Let me dwell a bit longer on the implications of this observation. When we use the terms end and ending in connection with psychotherapy, we may not be aware that we are committing ourselves to a particular model of human interaction, one that for convenience we might call the treatment model. The model is of an instrumental relationship into which each party enters to accomplish a purpose external to the relationship. When that purpose is accomplished, or when it becomes clear to one or the other that it is not likely to be accomplished, we expect them to end their meetings. Some human activities do not conform to that model, for example, marriages, parenthood, and friendships. Ideally, at least, these are relationships that should last “until death do us part.” Education follows its own model. Its goals may be either external to the process or internal, and ideally they may be lifelong in duration. Although formal education is parsed by such rites of passage as graduation, it has no natural ending point. We may speak of a person as having been educated, but without any implication that he has reached the end of what he might learn.
In contrast, we tend to speak of persons who have undergone some psychoanalysis as “having been analyzed.” Although Freud (1937a) recommended that analysts undergo reanalysis themselves periodically, the expression “he was analyzed” suggests that having been with an analyst for a sufficient duration should do for all time. Some authorities agree with Freud when he referred to psychoanalysis as “after-education.” They hold that analysis does not conform to the treatment model, as it is not so much a treatment as a form of education.
My position is that psychoanalysis (and psychotherapy) may be viewed from the vantage point of either model, depending on our immediate purpose and provided that we do not place education as necessarily occurring in a school or analysis as occurring only on a couch. Autodidaction and self-analysis capture the idea that the essence of both education and psychoanalysis is that they are lifelong processes of growth and development that need not be directed or conducted by an authority.
As my present interest is in the technical aspects of ending and terminating psychoanalysis and psychotherapy, I remain mostly within the model of an instrumental relationship as a treatment that ought to end when its purpose has been achieved. However, within any particular psychoanalytic treatment the model of education will seem to fit better, and that awareness will add to the koan of thinking about how to end an activity that in practice seems to have no natural ending point.
When one enters analysis or psychotherapy, usually it is because one wants treatment, typically to obtain something that one feels is missing in one’s life or to get rid of some alien element, perhaps something that by courtesy might be called a “disease” or “disorder.” One’s initial expectation is that when one has achieved that purpose, treatment will stop. However, this simplistic formula takes no account of the common experience that psychoanalysis functions as a goal-finding procedure as much as a goal-reaching procedure. While a person may begin psychoanalysis with one wish, typically he finds that in the course of achieving it, much more has happened than he expected. He is no longer quite the same, in ways that may not be easy to define. At the very least, he is no longer satisfied simply to be free from whatever discomfort motivated him to enter treatment. His expectations have risen and his horizons have broadened, much as they do in the course of a good education.
Patients are typically driven to analysis by pain or discomfort, so that their search for health fits well within the medical model. In addition to all the expectable beginning worries, a patient’s initial thoughts will also include the worry, “But how long will this take?” The beginning patient devoutly wishes for speedy deliverance.5 However, before long the patient may find that the pain is mostly gone or is bearable, but the motive to seek relief has been replaced by an altogether different motive. Excited curiosity has been aroused and is fed by the discoveries he is making about how his mind works. No longer concerned about speedy deliverance, the patient has become involved in the analysis for its own sake. Clearly, when this point is reached, the treatment model no longer fits what is going on. Probably without full awareness, the patient has become engaged in an educational adventure, one that is “inward bound.”
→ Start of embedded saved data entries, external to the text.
lemma L2_u_zero:
  fixes u :: "real \<Rightarrow> real^'m" and N :: "'m \<Rightarrow> real^'n^'n"
  assumes "L2 u"
  shows "L2 (u_zero N u)"
proof -
  define mask where "mask v = (\<chi> k. (if N k = 0 then 0 else 1) * (v :: real^'m) $ k)" for v
  have "continuous_on UNIV mask"
    unfolding mask_def by (intro continuous_intros)
  moreover have "(\<lambda>s. indicator {0..} s *\<^sub>R u s) \<in> borel_measurable lborel"
    using assms by (simp add: L2_def set_borel_measurable_def)
  ultimately have "(\<lambda>s. mask (indicator {0..} s *\<^sub>R u s)) \<in> borel_measurable lborel"
    by (rule borel_measurable_continuous_on)
  moreover have "(\<lambda>s. mask (indicator {0..} s *\<^sub>R u s)) = (\<lambda>s. indicator {0..} s *\<^sub>R u_zero N u s)"
    by (auto simp: fun_eq_iff mask_def u_zero_def vec_eq_iff indicator_def)
  ultimately have meas: "set_borel_measurable lborel {0..} (u_zero N u)"
    by (simp add: set_borel_measurable_def)
  have "(\<lambda>s. (norm (indicator {0..} s *\<^sub>R u_zero N u s))\<^sup>2) \<in> borel_measurable lborel"
    using borel_measurable_continuous_on[OF _ meas[unfolded set_borel_measurable_def],
        of "\<lambda>v. (norm v)\<^sup>2"]
    by (simp add: continuous_on_power continuous_on_norm_id)
  moreover have "(\<lambda>s. (norm (indicator {0..} s *\<^sub>R u_zero N u s))\<^sup>2)
                 = (\<lambda>s. indicator {0..} s *\<^sub>R (norm (u_zero N u s))\<^sup>2)"
    by (auto simp: fun_eq_iff indicator_def)
  ultimately have "set_borel_measurable lborel {0..} (\<lambda>s. (norm (u_zero N u s))\<^sup>2)"
    by (simp add: set_borel_measurable_def)
  then have "set_integrable lborel {0..} (\<lambda>s. (norm (u_zero N u s))\<^sup>2)"
  proof (rule set_integrable_bound[rotated])
    show "set_integrable lborel {0..} (\<lambda>s. (norm (u s))\<^sup>2)"
      using assms by (simp add: L2_def)
    show "AE s in lborel. s \<in> {0..} \<longrightarrow> norm ((norm (u_zero N u s))\<^sup>2) \<le> norm ((norm (u s))\<^sup>2)"
      using norm_u_zero_le by (auto intro!: power_mono)
  qed
  with meas show ?thesis
    by (simp add: L2_def)
qed

lemma lyap_dissipation_quadratic_form:
  fixes P A :: "real^'n^'n" and B :: "real^'m^'n"
  assumes P: "pos_semidef P" and dissip: "pos_semidef (- (lyap A N P + B ** transpose B))"
  shows "2 * ((A *v (P *v y)) \<bullet> y) + (\<Sum>k\<in>UNIV. (transpose (N k) *v y) \<bullet> (P *v (transpose (N k) *v y)))
           \<le> - ((transpose B *v y) \<bullet> (transpose B *v y))"
proof -
  have "0 \<le> y \<bullet> (- (lyap A N P + B ** transpose B) *v y)"
    using dissip by (simp add: pos_semidef_def)
  also have "\<dots> = - (y \<bullet> (lyap A N P *v y)) - (transpose B *v y) \<bullet> (transpose B *v y)"
    by (simp only: matrix_vector_mult_neg_left matrix_vector_mult_add_rdistrib inner_add_right
        inner_minus_right inner_matrix_vector_transpose[of y B] transpose_transpose
        flip: matrix_vector_mul_assoc)
  moreover have "transpose P = P"
    using P by (simp add: pos_semidef_def)
  ultimately show ?thesis
    using lyap_quadratic_form[of P y A N] by (simp add: inner_commute)
qed

lemma lyap_dissipation_ineq:
  fixes P A :: "real^'n^'n" and N :: "'m::finite \<Rightarrow> real^'n^'n" and B :: "real^'m^'n"
  assumes P: "pos_semidef P" and dissip: "pos_semidef (- (lyap A N P + B ** transpose B))"
  shows "2 * ((A *v (P *v y) + B *v v + (\<Sum>k\<in>UNIV. (v $ k) *\<^sub>R (N k *v (P *v y)))) \<bullet> y)
          \<le> (norm (\<chi> k. if N k = 0 then 0 else v $ k))\<^sup>2 * (y \<bullet> (P *v y)) + (norm v)\<^sup>2"
proof -
  define b where "b = transpose B *v y"
  define a where "a k = transpose (N k) *v y" for k
  define c where "c k = (if N k = 0 then 0 else v $ k)" for k
  have B_le: "2 * ((B *v v) \<bullet> y) \<le> v \<bullet> v + b \<bullet> b"
    using pos_semidef_two_mult_le[OF pos_semidef_scaled_identity[of 1], of v b]
    by (simp add: b_def inner_commute inner_matrix_vector_transpose)
  have N_le: "2 * (((v $ k) *\<^sub>R (N k *v (P *v y))) \<bullet> y) \<le> a k \<bullet> (P *v a k) + (c k)\<^sup>2 * (y \<bullet> (P *v y))"
    for k
    using pos_semidef_two_mult_scaled_le[OF P, of "v $ k" "N k" y] by (simp add: a_def c_def)
  have "2 * ((A *v (P *v y) + B *v v + (\<Sum>k\<in>UNIV. (v $ k) *\<^sub>R (N k *v (P *v y)))) \<bullet> y)
      = 2 * ((A *v (P *v y)) \<bullet> y) + 2 * ((B *v v) \<bullet> y)
        + (\<Sum>k\<in>UNIV. 2 * (((v $ k) *\<^sub>R (N k *v (P *v y))) \<bullet> y))"
    by (simp add: inner_add_left inner_sum_left sum_distrib_left distrib_left)
  also have "\<dots> \<le> 2 * ((A *v (P *v y)) \<bullet> y) + (v \<bullet> v + b \<bullet> b)
                  + (\<Sum>k\<in>UNIV. a k \<bullet> (P *v a k) + (c k)\<^sup>2 * (y \<bullet> (P *v y)))"
    using B_le N_le by (intro add_mono sum_mono) auto
  also have "\<dots> \<le> (\<Sum>k\<in>UNIV. (c k)\<^sup>2) * (y \<bullet> (P *v y)) + v \<bullet> v"
    using lyap_dissipation_quadratic_form[OF P dissip, of y]
    by (simp add: sum.distrib sum_distrib_right a_def b_def)
  also have "(\<Sum>k\<in>UNIV. (c k)\<^sup>2) = (norm (\<chi> k. if N k = 0 then 0 else v $ k))\<^sup>2"
    unfolding power2_norm_eq_inner by (simp add: inner_vec_def c_def power2_eq_square)
  finally show ?thesis
    by (simp only: power2_norm_eq_inner[of v])
qed

lemma bilinear_state_bound:
  fixes A P :: "real^'n^'n" and N :: "'m::finite \<Rightarrow> real^'n^'n" and B :: "real^'m^'n"
    and u :: "real \<Rightarrow> real^'m" and x :: "real \<Rightarrow> real^'n"
  assumes u: "L2 u" and sol: "solves_bilinear A B N u x"
    and P: "pos_def P" and dissip: "pos_semidef (- (lyap A N P + B ** transpose B))"
    and "0 \<le> t"
  shows "(x t \<bullet> w)\<^sup>2 \<le> (w \<bullet> (P *v w)) * (exp (L2_norm_sq (u_zero N u)) * L2_norm_sq u)"
proof -
  obtain Q where Q: "pos_semidef Q" and "P ** Q = mat 1"
    using pos_def_right_inverse[OF P] by blast
  then have PQ: "P *v (Q *v z) = z" for z
    by (simp add: matrix_vector_mul_assoc)
  define g where "g = (\<lambda>s. (norm (u_zero N u s))\<^sup>2)"
  define k where "k = (\<lambda>s. (norm (u s))\<^sup>2)"
  have gint: "g integrable_on {0..t}" and g_le: "integral {0..t} g \<le> L2_norm_sq (u_zero N u)"
    using L2_on_interval[OF L2_u_zero[where N = N, OF u] \<open>0 \<le> t\<close>] by (simp_all add: g_def)
  have kint: "k integrable_on {0..t}" and k_le: "integral {0..t} k \<le> L2_norm_sq u"
    using L2_on_interval[OF u \<open>0 \<le> t\<close>] by (simp_all add: k_def)
  have "x t \<bullet> (Q *v x t) \<le> exp (integral {0..t} g) * integral {0..t} k"
  proof (rule quadratic_form_energy_estimate[OF \<open>0 \<le> t\<close> _ _ gint _ kint _ Q])
    show "bilin_rhs A B N u x absolutely_integrable_on {0..t}"
      and "\<And>s. s \<in> {0..t} \<Longrightarrow> x s = integral {0..s} (bilin_rhs A B N u x)"
      using sol \<open>0 \<le> t\<close> by (auto simp: solves_bilinear_def)
    show "2 * (bilin_rhs A B N u x s \<bullet> (Q *v x s)) \<le> g s * (x s \<bullet> (Q *v x s)) + k s" for s
      using lyap_dissipation_ineq[OF pos_def_imp_pos_semidef[OF P] dissip, of "Q *v x s" "u s"]
      by (simp add: PQ bilin_rhs_def g_def k_def u_zero_def inner_commute)
  qed (simp_all add: g_def k_def)
  also have "\<dots> \<le> exp (L2_norm_sq (u_zero N u)) * L2_norm_sq u"
    using g_le k_le integral_nonneg[OF kint] by (intro mult_mono) (auto simp: k_def)
  finally have energy: "x t \<bullet> (Q *v x t) \<le> exp (L2_norm_sq (u_zero N u)) * L2_norm_sq u" .
  have "(x t \<bullet> w)\<^sup>2 = (w \<bullet> (P *v (Q *v x t)))\<^sup>2"
    by (simp add: PQ inner_commute)
  also have "\<dots> \<le> (w \<bullet> (P *v w)) * ((Q *v x t) \<bullet> (P *v (Q *v x t)))"
    by (rule pos_semidef_cauchy_schwarz[OF pos_def_imp_pos_semidef[OF P]])
  also have "\<dots> \<le> (w \<bullet> (P *v w)) * (exp (L2_norm_sq (u_zero N u)) * L2_norm_sq u)"
    using energy pos_def_imp_pos_semidef[OF P]
    by (intro mult_left_mono) (simp_all add: PQ inner_commute pos_semidef_def)
  finally show ?thesis .
qed

lemma sqrt_exp_mult: "sqrt (c * (exp a * b)) = sqrt c * exp (a / 2) * sqrt b"
proof -
  have "sqrt (exp a) = exp (a / 2)"
    by (rule real_sqrt_unique) (simp_all add: power2_eq_square flip: exp_add)
  then show ?thesis
    by (simp add: real_sqrt_mult)
qed

theorem corollary4p2:
  fixes A :: "real^'n^'n" and N :: "'m::finite \<Rightarrow> real^'n^'n" and B :: "real^'m^'n"
    and u :: "real \<Rightarrow> real^'m" and x :: "real \<Rightarrow> real^'n"
    and P :: "real^'n^'n" and v :: "'n \<Rightarrow> real^'n" and lam :: "'n \<Rightarrow> real"
  assumes "hurwitz A"
    and "L2 u"
    and "solves_bilinear A B N u x"
    and "mat_spectrum (kron A (mat 1) + kron (mat 1) A + (\<Sum>k\<in>UNIV. kron (N k) (N k)))
           \<subseteq> {z. Re z < 0}"
    and "A ** P + P ** transpose A + (\<Sum>k\<in>UNIV. N k ** P ** transpose (N k))
           = - (B ** transpose B)"
    and "\<forall>i j. v i \<bullet> v j = (if i = j then 1 else 0)"
    and "\<forall>i. P *v v i = lam i *\<^sub>R v i"
  shows "\<forall>k. \<forall>t\<ge>0. \<bar>x t \<bullet> v k\<bar>
           \<le> sqrt (lam k) * exp (0.5 * L2_norm_sq (u_zero N u)) * sqrt (L2_norm_sq u)"
proof (intro allI impI)
  fix k and t :: real assume "0 \<le> t"
  let ?E = "exp (L2_norm_sq (u_zero N u)) * L2_norm_sq u"
  have hw: "hurwitz (lyap_matrix A N)" and LP: "lyap A N P = - (B ** transpose B)"
    using assms(4,5) by (simp_all add: hurwitz_def lyap_matrix_def lyap_def)
  obtain R where LR: "lyap A N R = - mat 1"
    using lyap_solvable[OF hw] by blast
  have "(x t \<bullet> v k)\<^sup>2 \<le> lam k * ?E + \<epsilon> * ((v k \<bullet> (R *v v k)) * ?E)" if "0 < \<epsilon>" for \<epsilon>
  proof -
    have "(x t \<bullet> v k)\<^sup>2 \<le> (v k \<bullet> ((P + \<epsilon> *\<^sub>R R) *v v k)) * ?E"
      by (rule bilinear_state_bound[OF assms(2,3) lyap_regularized_solution[OF hw LP LR that]
            \<open>0 \<le> t\<close>])
    also have "v k \<bullet> ((P + \<epsilon> *\<^sub>R R) *v v k) = lam k + \<epsilon> * (v k \<bullet> (R *v v k))"
      using assms(6,7) by (simp add: matrix_vector_mult_add_rdistrib inner_add_right
          flip: scaleR_matrix_vector_assoc)
    finally show ?thesis
      by (simp add: algebra_simps)
  qed
  then have "(x t \<bullet> v k)\<^sup>2 \<le> lam k * ?E"
    by (rule le_of_le_plus_eps_mult)
  then have "\<bar>x t \<bullet> v k\<bar> \<le> sqrt (lam k * ?E)"
    using real_sqrt_le_mono by fastforce
  then show "\<bar>x t \<bullet> v k\<bar> \<le> sqrt (lam k) * exp (0.5 * L2_norm_sq (u_zero N u)) * sqrt (L2_norm_sq u)"
    by (simp add: sqrt_exp_mult)
qed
I am simplifying matters here, of course, for while the newly minted studentof-self explores how his mind works, or looks around the landscape of his mind with newly opened eyes, the analyst will continue to regard himself as a clinician working with a patient. Even though the patient may realize that he no longer presses for relief or discharge, he may be haunted by fears that derive in part from the abandoned treatment model; from time to time he fears that he no longer deserves the analyst’s attention because he is no longer in pain, or conversely because he is not getting well fast enough. Neither deserving because he is “sick” or because he has aced his lessons, the patient is “stuck,” as it were, between conflicting models, but at the same time he is held by an attachment to the analyst that mirrors the separation/individuation conflict of infancy. The analyst will recognize that this force, transference dependency, in addition to intrinsic interest in the process, tends to hold the patient in the analysis while the fear of being dropped as unworthy serves as a new source of resistance. For a considerable time the process will alternate between analysis as treatment and analysis as adventure while the patient works through the implications of his deepened understanding and the conflict between his desire to know and his reluctance to find out.
Moreover, there is a further complication that I alluded to earlier: the patient senses that with his increasing mastery over his life he may no longer be able to justify his analysis as a necessary treatment. A side effect of improvement is the weakening of his claim to patienthood, a status that he has come to value for its own sake and which he is unwilling to give up. Among his fears is the dark thought that maybe he is only fooling himself about being well. Maybe the gains are illusory, or perhaps they are only on loan, as it were, from the analyst, and will have to be surrendered if he leaves.
One of the main tasks of termination, analyzing the patient’s fearful transference fantasy that achievement will inevitably lead to losing the relationship with the analyst, is not solely a preoccupation of the patient at the literal ending of an analysis. That fear emerges throughout the analysis whenever the patient accomplishes, or fears he is about to accomplish, some piece of analytic work. The analyst too is subject to its tugs.
Phase
In its most common usage, phase refers to a period of time. In analysis we speak of the beginning phase or the ending phase to mean a period of indefinite duration around these points of interest in the chronology of a treatment. However, “ending” and “beginning,” like termination, can be delinked from any chronological implication and may be used to refer to the state of mind one is in when one feels, perhaps without being aware of it, that one is facing a new situation or is leaving a familiar one. We often observe, typically after a period of intense investment in some issue, that the patient suddenly, and for the moment unaccountably, is experiencing the analysis as if the situation and the analyst were strangely new and unpredictable. Every therapist can recall a patient who has been in treatment for some time coming into a session and remarking in a puzzled tone of voice, “Have you always had that picture on the wall?” or “Have the walls always been this odd shade of yellow?” The décor has not changed, but the patient has, and he feels for the moment that he has never been here before. We may say that the patient is once again in a beginning phase.
Perhaps less commonly, we may recognize that a patient seems to be at an ending phase; he suddenly slows down, glumly loses interest, and says or acts out the message, “What’s the use? It will all come to nothing.” Both observations, when we notice that the patient is at a new beginning or perhaps at a premature ending, are, of course, occasions for analytic inquiry. In Chapter 3 I discuss the dynamics that give rise to these odd experiences, the typical phenomena that mark their emergence, and how an analyst can use such observations as “landmarks” to locate himself and the patient within the process of the treatment.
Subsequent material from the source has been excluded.